--- REQUIRED ACTION ---
Which lines below fall between the one containing "has_derivative (\<lambda>h. 0))" and the one containing "define R where"? Repeat them exactly, counting both of those lines, and add nothing else.

(PROVIDED DATA Opens)

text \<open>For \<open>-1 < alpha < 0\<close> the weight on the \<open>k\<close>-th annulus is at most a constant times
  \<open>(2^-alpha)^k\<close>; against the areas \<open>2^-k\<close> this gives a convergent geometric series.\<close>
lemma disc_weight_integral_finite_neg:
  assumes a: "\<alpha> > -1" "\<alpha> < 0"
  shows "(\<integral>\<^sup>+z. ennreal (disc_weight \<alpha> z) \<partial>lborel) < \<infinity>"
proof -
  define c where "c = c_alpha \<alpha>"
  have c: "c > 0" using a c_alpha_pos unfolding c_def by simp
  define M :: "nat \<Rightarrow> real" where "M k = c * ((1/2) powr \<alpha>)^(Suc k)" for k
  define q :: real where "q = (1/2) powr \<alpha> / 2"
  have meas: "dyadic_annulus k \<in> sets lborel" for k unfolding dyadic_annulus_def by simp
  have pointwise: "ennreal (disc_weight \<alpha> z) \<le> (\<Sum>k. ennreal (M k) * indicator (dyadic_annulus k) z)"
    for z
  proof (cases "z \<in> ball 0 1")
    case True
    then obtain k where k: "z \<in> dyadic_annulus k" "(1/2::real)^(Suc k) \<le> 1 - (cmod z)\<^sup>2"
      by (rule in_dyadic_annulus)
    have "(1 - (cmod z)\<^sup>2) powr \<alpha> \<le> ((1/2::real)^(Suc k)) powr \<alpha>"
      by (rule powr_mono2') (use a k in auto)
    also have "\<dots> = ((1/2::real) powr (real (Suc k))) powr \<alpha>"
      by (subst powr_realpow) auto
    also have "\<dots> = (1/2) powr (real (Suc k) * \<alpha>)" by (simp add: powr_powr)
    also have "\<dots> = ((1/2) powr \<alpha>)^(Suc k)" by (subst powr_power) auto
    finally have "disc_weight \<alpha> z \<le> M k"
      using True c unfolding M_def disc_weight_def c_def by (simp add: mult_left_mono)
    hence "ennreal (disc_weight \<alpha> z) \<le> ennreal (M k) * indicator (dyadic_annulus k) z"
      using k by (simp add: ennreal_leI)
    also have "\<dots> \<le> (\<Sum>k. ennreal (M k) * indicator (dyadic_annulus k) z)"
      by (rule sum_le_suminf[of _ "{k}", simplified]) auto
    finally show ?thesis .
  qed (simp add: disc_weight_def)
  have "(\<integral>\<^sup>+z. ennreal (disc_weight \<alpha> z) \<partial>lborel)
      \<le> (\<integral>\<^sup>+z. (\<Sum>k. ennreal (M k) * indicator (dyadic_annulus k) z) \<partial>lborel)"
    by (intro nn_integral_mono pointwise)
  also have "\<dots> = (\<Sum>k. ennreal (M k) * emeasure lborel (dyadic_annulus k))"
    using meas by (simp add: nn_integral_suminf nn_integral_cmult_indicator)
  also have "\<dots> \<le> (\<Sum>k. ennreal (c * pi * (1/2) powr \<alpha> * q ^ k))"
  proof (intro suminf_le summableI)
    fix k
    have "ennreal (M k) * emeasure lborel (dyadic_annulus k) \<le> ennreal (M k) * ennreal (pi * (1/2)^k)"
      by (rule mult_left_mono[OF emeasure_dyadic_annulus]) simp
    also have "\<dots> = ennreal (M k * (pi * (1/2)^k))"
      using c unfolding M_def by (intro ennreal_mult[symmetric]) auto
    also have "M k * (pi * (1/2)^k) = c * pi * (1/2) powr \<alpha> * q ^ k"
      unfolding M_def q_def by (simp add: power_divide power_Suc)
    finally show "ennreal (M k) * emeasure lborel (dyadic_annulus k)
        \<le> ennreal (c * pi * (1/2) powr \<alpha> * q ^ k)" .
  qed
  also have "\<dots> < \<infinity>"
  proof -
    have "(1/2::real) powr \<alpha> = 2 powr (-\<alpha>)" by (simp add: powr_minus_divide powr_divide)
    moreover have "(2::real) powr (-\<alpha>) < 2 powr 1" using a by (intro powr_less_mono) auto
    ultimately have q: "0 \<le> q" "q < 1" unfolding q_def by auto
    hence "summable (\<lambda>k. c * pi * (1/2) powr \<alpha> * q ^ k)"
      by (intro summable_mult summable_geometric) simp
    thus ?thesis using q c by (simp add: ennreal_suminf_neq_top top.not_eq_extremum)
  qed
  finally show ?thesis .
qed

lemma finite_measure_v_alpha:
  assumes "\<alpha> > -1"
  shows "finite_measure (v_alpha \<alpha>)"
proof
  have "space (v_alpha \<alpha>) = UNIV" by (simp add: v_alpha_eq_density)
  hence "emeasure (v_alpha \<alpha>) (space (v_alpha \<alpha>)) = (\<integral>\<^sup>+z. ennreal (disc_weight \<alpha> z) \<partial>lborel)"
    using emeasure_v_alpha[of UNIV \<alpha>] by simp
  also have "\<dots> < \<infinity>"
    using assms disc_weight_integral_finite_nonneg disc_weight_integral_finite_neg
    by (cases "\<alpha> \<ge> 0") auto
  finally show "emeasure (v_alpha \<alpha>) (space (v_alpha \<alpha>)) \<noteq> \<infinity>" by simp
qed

(PROVIDED DATA Closes)
(PROVIDED DATA Opens)

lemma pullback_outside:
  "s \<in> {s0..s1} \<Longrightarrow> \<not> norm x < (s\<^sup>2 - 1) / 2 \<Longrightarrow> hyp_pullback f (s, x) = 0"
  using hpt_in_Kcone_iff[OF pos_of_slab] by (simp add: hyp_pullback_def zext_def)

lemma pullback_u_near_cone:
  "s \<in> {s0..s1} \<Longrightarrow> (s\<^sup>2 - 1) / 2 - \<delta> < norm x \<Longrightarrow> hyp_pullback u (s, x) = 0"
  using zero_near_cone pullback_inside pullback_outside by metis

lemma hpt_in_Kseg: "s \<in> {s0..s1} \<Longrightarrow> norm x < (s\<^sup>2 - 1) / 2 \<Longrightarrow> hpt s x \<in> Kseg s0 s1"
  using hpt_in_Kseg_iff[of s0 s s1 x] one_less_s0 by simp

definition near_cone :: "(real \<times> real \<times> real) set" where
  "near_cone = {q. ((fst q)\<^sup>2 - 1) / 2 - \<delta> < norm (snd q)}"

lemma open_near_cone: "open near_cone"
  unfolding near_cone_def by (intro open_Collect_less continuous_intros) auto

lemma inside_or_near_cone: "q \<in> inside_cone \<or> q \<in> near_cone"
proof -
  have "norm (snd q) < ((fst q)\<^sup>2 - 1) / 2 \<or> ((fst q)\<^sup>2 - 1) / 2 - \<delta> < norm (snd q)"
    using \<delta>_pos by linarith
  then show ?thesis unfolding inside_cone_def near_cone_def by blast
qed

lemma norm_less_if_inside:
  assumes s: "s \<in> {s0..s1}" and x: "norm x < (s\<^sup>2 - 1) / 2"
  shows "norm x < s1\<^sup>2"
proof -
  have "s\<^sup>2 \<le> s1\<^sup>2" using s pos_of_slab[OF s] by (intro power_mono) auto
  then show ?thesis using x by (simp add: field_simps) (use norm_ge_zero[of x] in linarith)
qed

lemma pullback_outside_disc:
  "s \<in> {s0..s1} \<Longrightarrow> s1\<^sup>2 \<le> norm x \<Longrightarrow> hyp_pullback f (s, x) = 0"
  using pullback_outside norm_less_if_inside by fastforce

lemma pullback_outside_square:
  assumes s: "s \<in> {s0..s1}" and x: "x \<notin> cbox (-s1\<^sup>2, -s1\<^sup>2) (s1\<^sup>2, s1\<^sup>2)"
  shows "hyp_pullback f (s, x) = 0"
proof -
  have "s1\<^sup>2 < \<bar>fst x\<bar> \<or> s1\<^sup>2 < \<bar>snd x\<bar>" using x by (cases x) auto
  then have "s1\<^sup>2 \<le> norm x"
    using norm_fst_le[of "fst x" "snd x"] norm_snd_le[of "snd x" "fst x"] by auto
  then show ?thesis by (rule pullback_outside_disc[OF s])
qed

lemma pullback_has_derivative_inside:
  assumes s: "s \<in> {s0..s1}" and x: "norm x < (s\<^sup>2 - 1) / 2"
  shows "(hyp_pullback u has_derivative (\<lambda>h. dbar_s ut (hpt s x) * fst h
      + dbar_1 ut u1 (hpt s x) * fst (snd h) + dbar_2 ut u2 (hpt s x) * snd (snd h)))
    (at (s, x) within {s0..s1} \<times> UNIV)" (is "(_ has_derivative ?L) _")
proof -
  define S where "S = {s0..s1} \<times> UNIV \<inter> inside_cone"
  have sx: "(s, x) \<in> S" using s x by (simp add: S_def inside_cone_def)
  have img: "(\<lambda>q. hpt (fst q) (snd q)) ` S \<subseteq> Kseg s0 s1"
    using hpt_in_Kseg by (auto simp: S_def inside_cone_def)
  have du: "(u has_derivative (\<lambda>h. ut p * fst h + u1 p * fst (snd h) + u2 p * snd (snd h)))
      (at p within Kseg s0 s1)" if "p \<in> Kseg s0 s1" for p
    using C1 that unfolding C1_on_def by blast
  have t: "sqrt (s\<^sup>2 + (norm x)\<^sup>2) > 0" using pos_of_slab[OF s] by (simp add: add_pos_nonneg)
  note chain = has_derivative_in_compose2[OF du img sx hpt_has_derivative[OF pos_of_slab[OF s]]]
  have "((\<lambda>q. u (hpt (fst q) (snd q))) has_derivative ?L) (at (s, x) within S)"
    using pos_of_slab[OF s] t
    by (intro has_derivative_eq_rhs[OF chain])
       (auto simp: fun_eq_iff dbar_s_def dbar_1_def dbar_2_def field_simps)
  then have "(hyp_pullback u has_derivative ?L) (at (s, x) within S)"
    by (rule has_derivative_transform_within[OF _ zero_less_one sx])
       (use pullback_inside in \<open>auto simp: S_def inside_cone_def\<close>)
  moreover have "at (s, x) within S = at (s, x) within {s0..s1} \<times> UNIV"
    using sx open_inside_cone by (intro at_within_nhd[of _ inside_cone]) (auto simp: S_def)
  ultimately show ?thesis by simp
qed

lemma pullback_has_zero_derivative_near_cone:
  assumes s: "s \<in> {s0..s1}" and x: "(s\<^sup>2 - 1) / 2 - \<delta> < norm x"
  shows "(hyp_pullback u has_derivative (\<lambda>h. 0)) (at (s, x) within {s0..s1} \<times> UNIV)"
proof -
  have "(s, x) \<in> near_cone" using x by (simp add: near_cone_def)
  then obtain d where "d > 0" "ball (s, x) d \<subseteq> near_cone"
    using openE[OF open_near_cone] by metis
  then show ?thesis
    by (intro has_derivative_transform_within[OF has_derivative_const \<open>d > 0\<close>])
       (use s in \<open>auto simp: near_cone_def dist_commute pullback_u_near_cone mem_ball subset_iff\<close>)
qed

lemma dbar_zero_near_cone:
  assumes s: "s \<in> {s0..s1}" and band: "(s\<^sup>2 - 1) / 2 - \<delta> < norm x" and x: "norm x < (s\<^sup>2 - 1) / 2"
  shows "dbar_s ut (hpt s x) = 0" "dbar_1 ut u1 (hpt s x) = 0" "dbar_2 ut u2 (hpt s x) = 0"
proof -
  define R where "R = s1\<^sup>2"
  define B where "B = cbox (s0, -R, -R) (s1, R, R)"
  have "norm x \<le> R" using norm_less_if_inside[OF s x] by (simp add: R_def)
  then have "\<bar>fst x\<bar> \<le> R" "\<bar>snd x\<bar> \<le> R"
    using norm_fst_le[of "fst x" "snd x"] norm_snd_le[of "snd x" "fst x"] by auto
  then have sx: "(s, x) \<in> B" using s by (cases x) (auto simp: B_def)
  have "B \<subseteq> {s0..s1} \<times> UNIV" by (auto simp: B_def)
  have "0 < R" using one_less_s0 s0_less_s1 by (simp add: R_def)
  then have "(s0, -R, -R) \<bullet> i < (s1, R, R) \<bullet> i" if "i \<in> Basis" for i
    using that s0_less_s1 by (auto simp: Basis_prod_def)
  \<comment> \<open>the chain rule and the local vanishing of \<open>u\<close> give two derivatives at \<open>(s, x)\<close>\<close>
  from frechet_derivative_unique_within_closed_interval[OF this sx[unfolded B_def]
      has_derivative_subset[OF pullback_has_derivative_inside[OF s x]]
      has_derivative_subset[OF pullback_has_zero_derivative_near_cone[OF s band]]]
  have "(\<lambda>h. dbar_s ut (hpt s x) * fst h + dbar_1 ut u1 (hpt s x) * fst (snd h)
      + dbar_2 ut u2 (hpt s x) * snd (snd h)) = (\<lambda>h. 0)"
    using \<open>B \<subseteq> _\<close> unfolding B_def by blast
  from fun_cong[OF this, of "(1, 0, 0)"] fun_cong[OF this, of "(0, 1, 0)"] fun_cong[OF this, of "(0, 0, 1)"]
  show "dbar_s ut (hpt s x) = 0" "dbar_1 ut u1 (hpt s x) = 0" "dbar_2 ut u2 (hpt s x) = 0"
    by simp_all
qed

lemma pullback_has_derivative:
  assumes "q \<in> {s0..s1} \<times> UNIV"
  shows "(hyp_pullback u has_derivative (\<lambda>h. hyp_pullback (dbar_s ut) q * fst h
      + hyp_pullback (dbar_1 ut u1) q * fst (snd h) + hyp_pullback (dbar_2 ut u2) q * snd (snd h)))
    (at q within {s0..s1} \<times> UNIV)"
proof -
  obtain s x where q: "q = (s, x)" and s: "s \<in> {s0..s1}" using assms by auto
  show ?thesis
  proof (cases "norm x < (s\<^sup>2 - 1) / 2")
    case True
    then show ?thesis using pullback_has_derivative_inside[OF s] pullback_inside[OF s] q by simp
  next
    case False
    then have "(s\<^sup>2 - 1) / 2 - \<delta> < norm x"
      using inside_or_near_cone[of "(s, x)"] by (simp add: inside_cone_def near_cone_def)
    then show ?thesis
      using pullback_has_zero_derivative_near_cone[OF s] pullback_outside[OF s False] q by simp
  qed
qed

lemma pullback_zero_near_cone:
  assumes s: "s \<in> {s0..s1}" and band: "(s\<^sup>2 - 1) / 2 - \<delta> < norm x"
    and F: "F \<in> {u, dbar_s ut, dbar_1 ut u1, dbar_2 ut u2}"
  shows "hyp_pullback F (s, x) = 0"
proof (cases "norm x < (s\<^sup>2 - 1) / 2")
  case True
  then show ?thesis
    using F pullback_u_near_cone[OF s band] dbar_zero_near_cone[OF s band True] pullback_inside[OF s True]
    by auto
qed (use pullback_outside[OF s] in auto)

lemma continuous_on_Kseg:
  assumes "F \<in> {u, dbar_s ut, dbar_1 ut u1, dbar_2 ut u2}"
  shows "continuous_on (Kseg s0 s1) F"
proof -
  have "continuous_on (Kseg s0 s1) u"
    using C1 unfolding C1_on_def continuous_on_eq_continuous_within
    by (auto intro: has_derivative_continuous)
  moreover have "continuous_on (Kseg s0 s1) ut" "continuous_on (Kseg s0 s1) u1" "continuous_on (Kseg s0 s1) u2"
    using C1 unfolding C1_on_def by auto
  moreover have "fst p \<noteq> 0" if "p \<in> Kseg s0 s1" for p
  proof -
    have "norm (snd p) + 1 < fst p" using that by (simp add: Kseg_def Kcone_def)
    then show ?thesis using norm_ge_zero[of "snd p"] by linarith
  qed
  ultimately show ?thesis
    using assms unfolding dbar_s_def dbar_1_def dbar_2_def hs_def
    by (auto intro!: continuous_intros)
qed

(PROVIDED DATA Closes)
(PROVIDED DATA Opens)

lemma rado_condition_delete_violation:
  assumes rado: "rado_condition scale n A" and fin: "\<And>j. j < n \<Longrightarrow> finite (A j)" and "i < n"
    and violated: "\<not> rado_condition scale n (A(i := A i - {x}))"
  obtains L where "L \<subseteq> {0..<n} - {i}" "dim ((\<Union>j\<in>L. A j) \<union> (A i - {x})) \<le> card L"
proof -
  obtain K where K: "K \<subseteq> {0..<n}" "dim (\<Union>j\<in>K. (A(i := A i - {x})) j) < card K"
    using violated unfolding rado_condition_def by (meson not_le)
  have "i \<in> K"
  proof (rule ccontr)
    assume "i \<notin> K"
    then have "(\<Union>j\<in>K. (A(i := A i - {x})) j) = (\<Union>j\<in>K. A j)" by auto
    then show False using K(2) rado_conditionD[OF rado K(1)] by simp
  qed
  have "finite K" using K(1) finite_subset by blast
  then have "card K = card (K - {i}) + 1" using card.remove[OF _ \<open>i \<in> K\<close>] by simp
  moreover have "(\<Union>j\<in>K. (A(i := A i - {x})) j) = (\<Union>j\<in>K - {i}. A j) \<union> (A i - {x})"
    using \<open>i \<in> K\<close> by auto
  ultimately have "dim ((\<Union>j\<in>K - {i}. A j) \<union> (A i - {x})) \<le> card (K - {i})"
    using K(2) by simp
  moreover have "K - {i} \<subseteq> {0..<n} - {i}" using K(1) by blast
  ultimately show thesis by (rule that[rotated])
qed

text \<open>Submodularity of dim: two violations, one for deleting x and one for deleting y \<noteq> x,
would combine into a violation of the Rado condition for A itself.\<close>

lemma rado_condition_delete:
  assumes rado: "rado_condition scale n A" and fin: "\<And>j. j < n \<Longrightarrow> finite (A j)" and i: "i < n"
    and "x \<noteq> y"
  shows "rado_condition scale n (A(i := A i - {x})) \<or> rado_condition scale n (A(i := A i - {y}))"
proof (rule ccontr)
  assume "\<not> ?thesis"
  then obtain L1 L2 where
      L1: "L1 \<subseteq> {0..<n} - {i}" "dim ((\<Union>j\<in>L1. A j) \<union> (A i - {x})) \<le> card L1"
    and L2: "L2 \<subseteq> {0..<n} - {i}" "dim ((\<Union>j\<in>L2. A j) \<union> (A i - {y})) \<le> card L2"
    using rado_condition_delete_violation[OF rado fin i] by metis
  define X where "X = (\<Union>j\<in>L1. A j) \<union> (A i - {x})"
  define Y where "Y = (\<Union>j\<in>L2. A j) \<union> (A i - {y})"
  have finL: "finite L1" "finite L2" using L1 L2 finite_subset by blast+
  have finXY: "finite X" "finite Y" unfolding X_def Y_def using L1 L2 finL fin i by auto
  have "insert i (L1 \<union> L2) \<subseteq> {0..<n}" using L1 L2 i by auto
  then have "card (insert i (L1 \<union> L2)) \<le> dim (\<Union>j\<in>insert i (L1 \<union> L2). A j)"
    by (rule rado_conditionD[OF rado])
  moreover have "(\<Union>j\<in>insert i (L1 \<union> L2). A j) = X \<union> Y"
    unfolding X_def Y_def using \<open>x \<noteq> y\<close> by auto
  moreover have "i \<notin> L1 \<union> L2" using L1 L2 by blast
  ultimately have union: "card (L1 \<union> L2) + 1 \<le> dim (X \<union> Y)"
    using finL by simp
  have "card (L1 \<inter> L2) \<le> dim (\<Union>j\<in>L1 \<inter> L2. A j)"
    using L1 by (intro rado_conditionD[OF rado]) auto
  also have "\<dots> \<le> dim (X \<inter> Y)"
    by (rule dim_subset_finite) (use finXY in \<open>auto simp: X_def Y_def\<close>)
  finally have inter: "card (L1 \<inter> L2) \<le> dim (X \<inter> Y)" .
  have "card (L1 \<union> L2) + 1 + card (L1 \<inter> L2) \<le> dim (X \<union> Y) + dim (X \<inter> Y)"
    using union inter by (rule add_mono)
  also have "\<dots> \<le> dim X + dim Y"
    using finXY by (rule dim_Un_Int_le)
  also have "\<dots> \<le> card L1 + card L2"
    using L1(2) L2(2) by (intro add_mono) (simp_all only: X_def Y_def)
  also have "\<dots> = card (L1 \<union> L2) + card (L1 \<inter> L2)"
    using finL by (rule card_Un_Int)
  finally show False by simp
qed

(PROVIDED DATA Closes)

--- WRITTEN RESPONSE ---
  shows "(hyp_pullback u has_derivative (\<lambda>h. 0)) (at (s, x) within {s0..s1} \<times> UNIV)"
proof -
  have "(s, x) \<in> near_cone" using x by (simp add: near_cone_def)
  then obtain d where "d > 0" "ball (s, x) d \<subseteq> near_cone"
    using openE[OF open_near_cone] by metis
  then show ?thesis
    by (intro has_derivative_transform_within[OF has_derivative_const \<open>d > 0\<close>])
       (use s in \<open>auto simp: near_cone_def dist_commute pullback_u_near_cone mem_ball subset_iff\<close>)
qed

lemma dbar_zero_near_cone:
  assumes s: "s \<in> {s0..s1}" and band: "(s\<^sup>2 - 1) / 2 - \<delta> < norm x" and x: "norm x < (s\<^sup>2 - 1) / 2"
  shows "dbar_s ut (hpt s x) = 0" "dbar_1 ut u1 (hpt s x) = 0" "dbar_2 ut u2 (hpt s x) = 0"
proof -
  define R where "R = s1\<^sup>2"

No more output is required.